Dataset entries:
────────────────────
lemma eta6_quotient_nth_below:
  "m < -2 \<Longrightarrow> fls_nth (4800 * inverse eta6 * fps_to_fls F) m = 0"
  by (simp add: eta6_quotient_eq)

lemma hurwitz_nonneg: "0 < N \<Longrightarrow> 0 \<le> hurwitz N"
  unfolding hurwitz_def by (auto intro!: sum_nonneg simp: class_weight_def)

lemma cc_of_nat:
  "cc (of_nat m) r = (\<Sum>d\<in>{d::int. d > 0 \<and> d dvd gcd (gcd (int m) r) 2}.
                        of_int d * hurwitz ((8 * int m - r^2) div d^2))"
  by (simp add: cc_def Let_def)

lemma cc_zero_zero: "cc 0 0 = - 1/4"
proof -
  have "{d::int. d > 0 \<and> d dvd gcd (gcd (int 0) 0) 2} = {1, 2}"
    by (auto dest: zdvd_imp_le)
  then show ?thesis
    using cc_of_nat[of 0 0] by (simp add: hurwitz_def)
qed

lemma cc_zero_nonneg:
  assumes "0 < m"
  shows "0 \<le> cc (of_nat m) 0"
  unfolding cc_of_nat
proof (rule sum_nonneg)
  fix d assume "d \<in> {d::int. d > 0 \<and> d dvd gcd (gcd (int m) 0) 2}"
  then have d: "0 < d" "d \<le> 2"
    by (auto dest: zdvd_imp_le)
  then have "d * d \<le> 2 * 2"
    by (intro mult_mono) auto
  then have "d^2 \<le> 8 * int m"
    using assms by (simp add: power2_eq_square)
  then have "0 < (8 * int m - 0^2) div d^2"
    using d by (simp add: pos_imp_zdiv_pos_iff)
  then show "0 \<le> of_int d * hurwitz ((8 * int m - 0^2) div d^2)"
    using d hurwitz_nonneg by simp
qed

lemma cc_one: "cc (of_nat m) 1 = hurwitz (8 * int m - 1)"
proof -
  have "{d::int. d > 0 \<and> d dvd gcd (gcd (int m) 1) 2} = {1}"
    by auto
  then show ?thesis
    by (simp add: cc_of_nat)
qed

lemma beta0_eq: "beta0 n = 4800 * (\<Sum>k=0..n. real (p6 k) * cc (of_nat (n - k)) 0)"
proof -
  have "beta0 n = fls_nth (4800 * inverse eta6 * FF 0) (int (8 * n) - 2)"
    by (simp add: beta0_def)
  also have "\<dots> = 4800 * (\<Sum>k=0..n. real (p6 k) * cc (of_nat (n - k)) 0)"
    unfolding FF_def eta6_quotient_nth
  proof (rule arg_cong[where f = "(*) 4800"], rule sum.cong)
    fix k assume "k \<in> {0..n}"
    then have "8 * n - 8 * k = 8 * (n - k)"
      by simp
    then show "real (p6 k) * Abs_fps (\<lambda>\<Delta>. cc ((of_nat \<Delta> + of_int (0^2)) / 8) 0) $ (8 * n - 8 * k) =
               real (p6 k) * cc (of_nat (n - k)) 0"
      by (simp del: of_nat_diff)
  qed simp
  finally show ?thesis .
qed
────────────────────
WORK ORDER →
Give the count of lines in the data above that hold the string "Longrightarrow", with no additional words.

RESPONSE TO THE EXERCISE →
2